**Instructions for the task:** Give only the number of lines in these records that include "hence".

---------- Dataset ----------

lemma trace_mult_scaleR: "trace ((A::real^'n^'n) ** (c *\<^sub>R M)) = c * trace (A ** M)"
  by (simp add: trace_def matrix_matrix_mult_def sum_distrib_left mult_ac)

lemma trace_mult_outer_sum:
  "trace (A ** outer_sum w u) = (\<Sum>i\<in>UNIV. w i * (u i \<bullet> (A *v u i)))"
proof -
  have "trace (A ** (c *\<^sub>R outer x)) = c * (x \<bullet> (A *v x))" for c x
    by (simp add: trace_def outer_def matrix_matrix_mult_def matrix_vector_mult_def inner_vec_def
        sum_distrib_left sum_distrib_right mult_ac)
  thus ?thesis
    by (simp add: outer_sum_def trace_mult_sum)
qed

lemma trace_outer_sum_mult_nonneg:
  assumes "\<And>c. w c \<ge> 0" "\<And>i. d i \<ge> 0"
  shows "trace (outer_sum w b ** outer_sum d u) \<ge> 0"
  unfolding trace_mult_outer_sum using assms by (intro sum_nonneg mult_nonneg_nonneg inner_outer_sum_nonneg)

lemma inner_outer_sum_mult_le_trace:
  fixes u :: "'i::finite \<Rightarrow> real^'m" and b :: "'c::finite \<Rightarrow> real^'m"
  assumes d: "\<And>i. d i \<ge> 0" and w: "\<And>c. w c \<ge> 0"
  defines "S \<equiv> outer_sum d u" and "N \<equiv> outer_sum w b"
  shows "(N *v y) \<bullet> (S *v (N *v y)) \<le> trace (N ** S) * (y \<bullet> (N *v y))"
proof -
  define p where "p c = b c \<bullet> y" for c
  define q where "q i c = b c \<bullet> u i" for i c
  have tr: "trace (N ** S) = (\<Sum>i\<in>UNIV. d i * (\<Sum>c\<in>UNIV. w c * (q i c)\<^sup>2))"
    unfolding S_def N_def trace_mult_outer_sum inner_outer_sum q_def ..
  have yNy: "y \<bullet> (N *v y) = (\<Sum>c\<in>UNIV. w c * (p c)\<^sup>2)"
    unfolding N_def inner_outer_sum p_def ..
  have uNy: "u i \<bullet> (N *v y) = (\<Sum>c\<in>UNIV. w c * p c * q i c)" for i
    unfolding N_def outer_sum_mult_vector p_def q_def by (simp add: inner_sum_right inner_commute mult_ac)
  have lhs: "(N *v y) \<bullet> (S *v (N *v y)) = (\<Sum>i\<in>UNIV. d i * (\<Sum>c\<in>UNIV. w c * p c * q i c)\<^sup>2)"
    unfolding S_def inner_outer_sum uNy ..
  have cs: "(\<Sum>c\<in>UNIV. w c * p c * q i c)\<^sup>2
      \<le> (\<Sum>c\<in>UNIV. w c * (q i c)\<^sup>2) * (\<Sum>c\<in>UNIV. w c * (p c)\<^sup>2)" for i
  proof -
    have "(\<Sum>c\<in>UNIV. (sqrt (w c) * p c) * (sqrt (w c) * q i c))\<^sup>2
          \<le> (\<Sum>c\<in>UNIV. (sqrt (w c) * p c)\<^sup>2) * (\<Sum>c\<in>UNIV. (sqrt (w c) * q i c)\<^sup>2)"
      by (rule Cauchy_Schwarz_ineq_sum)
    moreover have "(sqrt (w c) * p c) * (sqrt (w c) * q i c) = w c * p c * q i c"
      and "(sqrt (w c) * p c)\<^sup>2 = w c * (p c)\<^sup>2" and "(sqrt (w c) * q i c)\<^sup>2 = w c * (q i c)\<^sup>2" for c
      using w[of c] by (auto simp: algebra_simps power_mult_distrib)
    ultimately show ?thesis by (simp only: mult.commute)
  qed
  have "(N *v y) \<bullet> (S *v (N *v y))
      \<le> (\<Sum>i\<in>UNIV. d i * ((\<Sum>c\<in>UNIV. w c * (q i c)\<^sup>2) * (\<Sum>c\<in>UNIV. w c * (p c)\<^sup>2)))"
    unfolding lhs by (intro sum_mono mult_left_mono cs d)
  also have "\<dots> = trace (N ** S) * (y \<bullet> (N *v y))"
    unfolding tr yNy by (simp only: sum_distrib_right mult.assoc)
  finally show ?thesis .
qed

lemma in_range_if_orthogonal_kernel:
  fixes N :: "real^'m^'m"
  assumes sym: "transpose N = N" and orth: "\<And>z. N *v z = 0 \<Longrightarrow> v \<bullet> z = 0"
  shows "v \<in> range (\<lambda>x. N *v x)"
proof -
  obtain X where "penrose N X" "transpose X = X" using penrose_inverse_symmetric_exists[OF sym] by blast
  hence NXN: "N ** X ** N = N" and NX: "transpose (N ** X) = N ** X" unfolding penrose_def by auto
  define r where "r = v - N *v (X *v v)"
  have "N ** (N ** X) = N ** X ** N"
    by (metis NX matrix_transpose_mul sym \<open>transpose X = X\<close> matrix_mul_assoc)
  hence "N *v r = 0"
    by (simp add: r_def matrix_vector_mult_diff_distrib matrix_vector_mul_assoc NXN)
  moreover have "(N *v (X *v v)) \<bullet> r = (X *v v) \<bullet> (transpose N *v r)"
    by (rule inner_transpose_matrix_vector[symmetric])
  ultimately have "v \<bullet> r = 0" and "(N *v (X *v v)) \<bullet> r = 0" using orth sym by auto
  hence "r \<bullet> r = 0" by (simp add: r_def inner_diff_left)
  hence "v = N *v (X *v v)" by (simp add: r_def)
  thus ?thesis by blast
qed

lemma outer_sum_kernel:
  assumes "\<And>i. w i \<ge> 0" "outer_sum w u *v z = 0" "w i > 0"
  shows "u i \<bullet> z = 0"
proof -
  have "(\<Sum>i\<in>UNIV. w i * (u i \<bullet> z)\<^sup>2) = 0" using assms(2) inner_outer_sum[of z w u] by simp
  hence "w i * (u i \<bullet> z)\<^sup>2 = 0" using assms(1) by (subst (asm) sum_nonneg_eq_0_iff) auto
  thus ?thesis using assms(3) by simp
qed

lemma range_outer_sum_mono:
  assumes w: "\<And>i. w i \<ge> 0" and w': "\<And>i. w' i \<ge> 0" and pos: "\<And>i. w' i > 0 \<Longrightarrow> w i > 0"
    and v: "v \<in> range (\<lambda>x. outer_sum w' u *v x)"
  shows "v \<in> range (\<lambda>x. outer_sum w u *v x)"
proof (rule in_range_if_orthogonal_kernel[OF transpose_outer_sum])
  fix z assume z: "outer_sum w u *v z = 0"
  have "(w' i * (u i \<bullet> z)) *\<^sub>R u i = 0" for i
    using outer_sum_kernel[OF w z pos, of i] w'[of i] by (cases "w' i > 0") auto
  hence "outer_sum w' u *v z = 0" unfolding outer_sum_mult_vector by (intro sum.neutral) auto
  moreover obtain y where "v = outer_sum w' u *v y" using v by blast
  ultimately show "v \<bullet> z = 0"
    by (metis inner_transpose_matrix_vector transpose_outer_sum inner_zero_right)
qed

lemma mult_in_range_outer_sum_columns:
  fixes B :: "real^'c::finite^'m"
  assumes w: "\<And>c. w c \<ge> 0" and h: "\<And>c. h$c \<noteq> 0 \<Longrightarrow> w c > 0"
  shows "B *v h \<in> range (\<lambda>x. outer_sum w (\<lambda>c. column c B) *v x)"
proof (rule in_range_if_orthogonal_kernel[OF transpose_outer_sum])
  fix z assume z: "outer_sum w (\<lambda>c. column c B) *v z = 0"
  have "h$c * (column c B \<bullet> z) = 0" for c
    using outer_sum_kernel[OF w z h, of c] by (cases "h$c = 0") auto
  hence "(\<Sum>c\<in>UNIV. h$c * (column c B \<bullet> z)) = 0" by (intro sum.neutral) auto
  thus "(B *v h) \<bullet> z = 0"
    by (simp add: matrix_mult_sum inner_sum_left scalar_mult_eq_scaleR)
qed

section \<open>The largest eigenvalue of a symmetric 2 x 2 matrix\<close>

lemma matrix_vector_mult_2x2:
  "(P::real^2^2) *v v = vector [P$1$1 * v$1 + P$1$2 * v$2, P$2$1 * v$1 + P$2$2 * v$2]"
  by (simp add: vec_eq_iff forall_2 matrix_vector_mult_def sum_2)

lemma inner_2: "(u::real^2) \<bullet> v = u$1 * v$1 + u$2 * v$2"
  by (simp add: inner_vec_def sum_2)

lemma symmetric_2x2_entry: "transpose (P::real^2^2) = P \<Longrightarrow> P$2$1 = P$1$2"
  by (drule arg_cong[where f = "\<lambda>M. M$1$2"]) (simp add: transpose_def)

definition top_eigenvalue2 :: "real^2^2 \<Rightarrow> real" where
  "top_eigenvalue2 P = (P$1$1 + P$2$2) / 2 + sqrt (((P$1$1 - P$2$2) / 2)\<^sup>2 + (P$1$2)\<^sup>2)"

lemma top_eigenvalue2_shifts:
  fixes P :: "real^2^2"
  defines "L \<equiv> top_eigenvalue2 P"
  shows "L - P$1$1 \<ge> 0" "L - P$2$2 \<ge> 0" "(L - P$1$1) * (L - P$2$2) = (P$1$2)\<^sup>2"
proof -
  define t where "t = (P$1$1 - P$2$2) / 2"
  define s where "s = sqrt (t\<^sup>2 + (P$1$2)\<^sup>2)"
  have La: "L - P$1$1 = s - t" and Lc: "L - P$2$2 = s + t"
    unfolding L_def top_eigenvalue2_def s_def t_def by (simp_all add: field_simps)
  have "\<bar>t\<bar> = sqrt (t\<^sup>2)" by simp
  also have "\<dots> \<le> s" unfolding s_def by (rule real_sqrt_le_mono) simp
  finally show "L - P$1$1 \<ge> 0" "L - P$2$2 \<ge> 0" unfolding La Lc by auto
  have "(s - t) * (s + t) = s\<^sup>2 - t\<^sup>2" by (simp add: power2_eq_square algebra_simps)
  thus "(L - P$1$1) * (L - P$2$2) = (P$1$2)\<^sup>2" unfolding La Lc by (simp add: s_def)
qed

lemma eigenvalue_symmetric_2x2:
  fixes P :: "real^2^2"
  assumes sym: "transpose P = P" and v: "v \<noteq> 0" "P *v v = l *\<^sub>R v"
  shows "l = top_eigenvalue2 P \<or> l = P$1$1 + P$2$2 - top_eigenvalue2 P"
proof -
  define a b c where "a = P$1$1" "b = P$1$2" "c = P$2$2"
  define s where "s = sqrt (((a - c) / 2)\<^sup>2 + b\<^sup>2)"
  have e1: "a * v$1 + b * v$2 = l * v$1" and e2: "b * v$1 + c * v$2 = l * v$2"
    using v(2) symmetric_2x2_entry[OF sym]
    by (simp_all add: matrix_vector_mult_2x2 vec_eq_iff forall_2 a_b_c_def)
  have "((a - l) * (c - l) - b\<^sup>2) * v$1 = 0" and "((a - l) * (c - l) - b\<^sup>2) * v$2 = 0"
    using e1 e2 by algebra+
  moreover have "v$1 \<noteq> 0 \<or> v$2 \<noteq> 0" using v(1) by (auto simp: vec_eq_iff forall_2)
  ultimately have det: "(a - l) * (c - l) = b\<^sup>2" by auto
  have "(l - (a + c) / 2)\<^sup>2 - ((a - c) / 2)\<^sup>2 = (a - l) * (c - l)"
    by (simp add: power2_eq_square field_simps)
  hence "(l - (a + c) / 2)\<^sup>2 = s\<^sup>2" using det by (simp add: s_def)
  hence "l - (a + c) / 2 = s \<or> l - (a + c) / 2 = - s" by (simp add: power2_eq_iff)
  hence "l = (a + c) / 2 + s \<or> l = a + c - ((a + c) / 2 + s)" by (auto simp: field_simps)
  moreover have "top_eigenvalue2 P = (a + c) / 2 + s" by (simp add: top_eigenvalue2_def a_b_c_def s_def)
  ultimately show ?thesis by (simp add: a_b_c_def)
qed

----------

**Result:** 10